Talvez o exagero conservador possa ser atribuído, não ao
debate em si, mas a um conjunto de fatores contemporâneos que não
tem nada de ciência: falta de tempo pare fazer um bom diagnostico
e, então, é melhor generalizar "todos sem extração";
falta de treinamento em biomecânica e, então, é melhor
generalizar "todos com expansão"; falta de leitura dos clássicos
da Ortodontia e, então, é melhor generalizar "todos como
todos hoje fazem"; falta de profissionalismo e, então, é
melhor considerar "todos iguais" no inicio sem extração e
depois vamos ver como é que fica", se não der a gente extrai;
falta de segurança e então é melhor "todos com o Guru".

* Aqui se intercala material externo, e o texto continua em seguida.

(* For every $\epsilon>0$ there exists $C_\epsilon>0$ such that $\big|W_{L,j}-\theta L^d\varphi^{*j}(0)\big|\le C_\epsilon L^{-2}$ for all real $L\ge1$ and all integers $1\le j\le L^{2-\epsilon}$.
   Context: Fix an integer $d\ge1$ and a real $\theta>0$. $X$ is a random vector in $\mathbb R^d$ with density $\varphi$, a Schwartz function, with $\mathbb E X=0$; $\varphi^{*j}$ is the $j$-fold convolution of $\varphi$. For $L>0$ and $j\ge1$, $W_{L,j}:=\theta L^d\sum_{k\in\mathbb Z^d}\varphi^{*j}(Lk)$. $C_\epsilon$ may depend on $d,\varphi,\theta,\epsilon$. *)

theory Defs
  imports "HOL-Analysis.Analysis"
begin

text \<open>Schwartz functions on R^d (d = CARD('n)): there is a family D of functions indexed by
  lists of coordinate directions (multi-indices of partial derivatives), with D [] = f,
  each D beta Frechet differentiable everywhere with partial derivative in direction i equal to
  D (i # beta), and every (1 + |x|)^k * |D beta x| bounded.\<close>
definition schwartz :: "(real^'n \<Rightarrow> real) \<Rightarrow> bool" where
  "schwartz f \<longleftrightarrow> (\<exists>D :: 'n list \<Rightarrow> real^'n \<Rightarrow> real.
      D [] = f \<and>
      (\<forall>\<beta> x. (D \<beta> has_derivative (\<lambda>h. \<Sum>i\<in>UNIV. h $ i * D (i # \<beta>) x)) (at x)) \<and>
      (\<forall>\<beta> (k::nat). \<exists>B. \<forall>x. (1 + norm x) ^ k * \<bar>D \<beta> x\<bar> \<le> B))"

definition conv :: "(real^'n \<Rightarrow> real) \<Rightarrow> (real^'n \<Rightarrow> real) \<Rightarrow> real^'n \<Rightarrow> real" where
  "conv f g x = (\<integral>y. f y * g (x - y) \<partial>lborel)"

text \<open>j-fold convolution power: conv_pow f j = f^{*j} for j \<ge> 1 (conv_pow f 0 = f is a dummy value).\<close>
fun conv_pow :: "(real^'n \<Rightarrow> real) \<Rightarrow> nat \<Rightarrow> real^'n \<Rightarrow> real" where
  "conv_pow f 0 = f"
| "conv_pow f (Suc 0) = f"
| "conv_pow f (Suc (Suc j)) = conv f (conv_pow f (Suc j))"

definition lattice_pt :: "('n \<Rightarrow> int) \<Rightarrow> real^'n" where
  "lattice_pt k = (\<chi> i. real_of_int (k i))"

definition W :: "real \<Rightarrow> (real^'n \<Rightarrow> real) \<Rightarrow> real \<Rightarrow> nat \<Rightarrow> real" where
  "W \<theta> \<phi> L j = \<theta> * L ^ CARD('n) * (\<Sum>\<^sub>\<infinity>k\<in>UNIV. conv_pow \<phi> j (L *\<^sub>R lattice_pt k))"

end

theory Submission
  imports Defs "HOL-Probability.Sinc_Integral"
begin

text \<open>Write \<open>p_j\<close> for the \<open>j\<close>-fold convolution power of \<open>\<phi>\<close>. The error term is
  \<open>\<theta> L^d \<Sum>_{k \<noteq> 0} p_j(L k)\<close>, so it suffices that \<open>|x|^{2m} p_j(x) = O(j^m)\<close> for every \<open>m\<close>.
  Since \<open>\<phi>\<close> has mean zero, convolving with \<open>\<phi>\<close> raises the moment \<open>\<integral> (1 + |x|^2)^m p_j\<close> only by a
  multiple of the moment of order \<open>m - 1\<close>: the part of \<open>(1 + |z + y|^2)^m\<close> that is linear in \<open>y\<close>
  integrates to zero against \<open>\<phi>(y)\<close>. So these moments are \<open>O(j^m)\<close>, and as one of \<open>|y|\<close>, \<open>|x - y|\<close>
  is at least \<open>|x|/2\<close> in \<open>(\<phi> \<star> p_j)(x)\<close>, they give the pointwise bound. Summing over the
  lattice with \<open>\<epsilon> m \<ge> d + 2\<close> yields \<open>\<theta> L^d j^m L^{-2m} \<le> C L^{-2}\<close> whenever \<open>j \<le> L^{2-\<epsilon>}\<close>.\<close>

section \<open>The weight \<open>\<langle>x\<rangle>^2 = 1 + |x|^2\<close>\<close>

definition bracket :: "'a::real_normed_vector \<Rightarrow> real" where
  "bracket x = 1 + norm x ^ 2"

lemma bracket_ge_1: "1 \<le> bracket x"
  by (simp add: bracket_def)

lemma bracket_pos: "0 < bracket x"
  using bracket_ge_1 less_le_trans zero_less_one by blast

lemma bracket_nonneg: "0 \<le> bracket x"
  using bracket_pos less_imp_le by blast

lemma borel_measurable_bracket [measurable]: "bracket \<in> borel_measurable borel"
  unfolding bracket_def by measurable

lemma norm_le_bracket: "norm x \<le> bracket x"
proof -
  have "2 * norm x \<le> 1 + norm x ^ 2"
    using sum_squares_bound[of 1 "norm x"] by (simp add: power2_eq_square)
  then show ?thesis
    unfolding bracket_def using norm_ge_zero[of x] by linarith
qed

lemma bracket_add:
  fixes z y :: "'a::real_inner"
  shows "bracket (z + y) = bracket z + (2 * (z \<bullet> y) + norm y ^ 2)"
  by (simp add: bracket_def power2_norm_eq_inner inner_add_left inner_add_right inner_commute
      algebra_simps)

lemma bracket_add_le:
  fixes z y :: "'a::real_normed_vector"
  shows "bracket (z + y) \<le> 2 * bracket z * bracket y"
proof -
  have "norm (z + y) ^ 2 \<le> (norm z + norm y) ^ 2"
    by (intro power_mono norm_triangle_ineq) auto
  also have "\<dots> \<le> 2 * norm z ^ 2 + 2 * norm y ^ 2"
    using sum_squares_bound[of "norm z" "norm y"] by (simp add: power2_eq_square algebra_simps)
  finally have "norm (z + y) ^ 2 \<le> 2 * norm z ^ 2 + 2 * norm y ^ 2" .
  moreover have "2 * bracket z * bracket y = 2 + 2 * norm z ^ 2 + 2 * norm y ^ 2 + 2 * (norm z * norm y) ^ 2"
    by (simp add: bracket_def algebra_simps power_mult_distrib)
  ultimately show ?thesis
    unfolding bracket_def using zero_le_power2[of "norm z * norm y"] by linarith
qed

lemma power_le_bracket_power:
  assumes "r / 2 \<le> norm v" "0 \<le> r"
  shows "r ^ (2 * m) \<le> 4 ^ m * bracket v ^ m"
proof -
  have "(r / 2) ^ 2 \<le> norm v ^ 2"
    using assms by (intro power_mono) auto
  then have "(r / 2) ^ 2 \<le> bracket v"
    by (simp add: bracket_def)
  then have "((r / 2) ^ 2) ^ m \<le> bracket v ^ m"
    by (intro power_mono) auto
  moreover have "((r / 2) ^ 2) ^ m = r ^ (2 * m) / 4 ^ m"
    by (simp add: power_divide power_mult)
  ultimately show ?thesis
    by (simp add: field_simps)
qed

Definir os objetivos de tratamento é o ponto fundamental, atingi-los
sem um bom treinamento é improvável. O melhor resultado para
o nosso paciente só pode ser obtido, se, ao definir o plano de tratamento,
não permitirmos que nenhum Guru reside na nossa mente e que nenhuma
"tendência" influencie a nossa decisão. O nosso paciente é
único e para ele a única regra válida é a da
individualidade, inerente às formas da face humana.